36.857, Confs: Developing models for linguistic research: Training data usage in low-resource scenarios (Workshop as part of the 2nd "Language & Languages at the crossroads of Disciplines" conference) (France)
The LINGUIST List
linguist at listserv.linguistlist.org
Wed Mar 12 01:05:02 UTC 2025
LINGUIST List: Vol-36-857. Wed Mar 12 2025. ISSN: 1069 - 4875.
Subject: 36.857, Confs: Developing models for linguistic research: Training data usage in low-resource scenarios (Workshop as part of the 2nd "Language & Languages at the crossroads of Disciplines" conference) (France)
Moderator: Steven Moran (linguist at linguistlist.org)
Managing Editor: Justin Fuller
Team: Helen Aristar-Dry, Steven Franks, Joel Jenkins, Daniel Swanson, Erin Steitz
Jobs: jobs at linguistlist.org | Conferences: callconf at linguistlist.org | Pubs: pubs at linguistlist.org
Homepage: http://linguistlist.org
Editor for this issue: Justin Fuller <justin at linguistlist.org>
================================================================
Date: 12-Mar-2025
From: Natasha Romanova [natalia.romanova at unicaen.fr]
Subject: Developing models for linguistic research: Training data usage in low-resource scenarios (Workshop as part of the 2nd "Language & Languages at the crossroads of Disciplines" conference)
Developing models for linguistic research: Training data usage in
low-resource scenarios (Workshop as part of the 2nd "Language &
Languages at the crossroads of Disciplines" conference)
Date: 01-Sep-2025 - 03-Sep-2025
Location: University of Lille, France ESJ Lille, 50, rue
Gauthier-de-Châtillon - 59046 Lille, France
Contact: Natasha Romanova
Contact Email: natalia.romanova at unicaen.fr
Meeting URL: https://llcd2025.sciencesconf.org/resource/page/id/8
Linguistic Field(s): Applied Linguistics; Computational Linguistics;
General Linguistics; Historical Linguistics; Syntax
The advent of deep learning technologies, and in particular Large
Language Models (LLMs) and their multilingual variants, promised to
facilitate a wide variety of labour-intensive expert tasks required to
conduct corpus-based research in linguistics, including but not
limited to transcription of handwritten (Kiessling et al. 2019) and
oral (Michaud et al. 2020) sources, lemmatization (Camps et al. 2022),
syntactic tagging and parsing (Guiller 2020), named entity recognition
(Ortiz Suárez et al. 2020), segmentation of speech (Algayres et al.
2023) and text (Levenson et al. 2024) etc.
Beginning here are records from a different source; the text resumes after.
lemma LIMSEQ_if_diagonal_on_dense:
  fixes f :: "nat \<Rightarrow> 'a::metric_space \<Rightarrow> 'b::metric_space"
  assumes dense: "\<And>e. 0 < e \<Longrightarrow> \<exists>i. dist a (d i) < e"
    and lip: "\<And>j b. dist (f j a) (f j b) \<le> dist a b" and g_lip: "\<And>b. dist (g b) (g a) \<le> dist b a"
    and diag: "\<And>i j. i \<le> j \<Longrightarrow> dist (f j (d i)) (g (d i)) < 1 / Suc j"
  shows "(\<lambda>j. f j a) \<longlonglongrightarrow> g a"
proof (rule metric_LIMSEQ_I)
  fix e :: real assume "0 < e"
  then obtain i where i: "dist a (d i) < e / 3"
    using dense[of "e / 3"] by auto
  obtain N where N: "1 / Suc N < e / 3"
    using \<open>0 < e\<close> by (metis divide_pos_pos nat_approx_posE zero_less_numeral)
  have "dist (f j a) (g a) < e" if "max i N \<le> j" for j
  proof -
    have "1 / real (Suc j) \<le> 1 / Suc N"
      using that by (simp add: frac_le)
    then have "dist (f j (d i)) (g (d i)) < e / 3"
      using diag[of i j] that N by linarith
    moreover have "dist (f j a) (f j (d i)) < e / 3" "dist (g (d i)) (g a) < e / 3"
      using lip g_lip i by (metis dist_commute le_less_trans)+
    ultimately show ?thesis
      using dist_triangle[of "f j a" "g a" "f j (d i)"] dist_triangle[of "f j (d i)" "g a" "g (d i)"]
      by linarith
  qed
  then show "\<exists>N. \<forall>j\<ge>N. dist (f j a) (g a) < e"
    by blast
qed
This can be especially
relevant for low-resource scenarios with limited amounts of available
training data, for example when working with under-resourced (e.g.
minority and endangered) languages or ancient languages, where
few digital corpora exist.
These languages may not have a standardized spelling which can impact
transcription and annotation tasks (transcription of oral corpora
necessitates decisions about transcription guidelines; spelling
variation in written corpora can complicate annotation, etc). Further
examples of low-resource scenarios are learner corpora or language
disorder corpora. In these cases, however, a single round of
fine-tuning of an LLM can often result in output quality that is well
below the state of the art for well-resourced tasks and linguistic
varieties. As shown by Kantharuban et al. (2023) on dialectal data,
there is no one-size-fits-all solution for this issue: the optimal
approach depends on language, task, model, and data type, and can be
affected both by data size and data makeup. Moreover, computing power
needed to train and fine-tune models requires considerable investment
and has a non-negligible environmental impact (Bender et al 2021).
This workshop explores research aimed at optimizing model adaptation
processes (using LLMs or alternatives), in particular by addressing
the distance between training and target corpora in the contexts of
limited linguistic, human and energy resources. These approaches range
from computational methods dedicated to training optimization (e.g.
curriculum learning, Bengio et al. 2009) to linguistically motivated
protocols for training data selection (e.g. Guibon et al. 2015). These
methods take into account not only the amount, but also the makeup and
the quality of training data, which is progressively mobilized during
training, allowing for a gradual adaptation of the model to the target
language or language variety, genre or type of data. The behaviour of
the trained systems during the adaptation process can, in turn, inform
linguists about the distance between the training corpus and the
target corpus.
In this workshop, we would like to address similarities and
differences in the approaches to the design of model adaptation
processes in different areas of linguistic application (transcription,
annotation etc) with three research questions in mind:
1) How can measuring the distance between the training corpus and the
target corpus (linguistic and “extra-linguistic” distance, e.g.
principles of annotation and segmentation) before training guide the
construction of training and fine-tuning datasets?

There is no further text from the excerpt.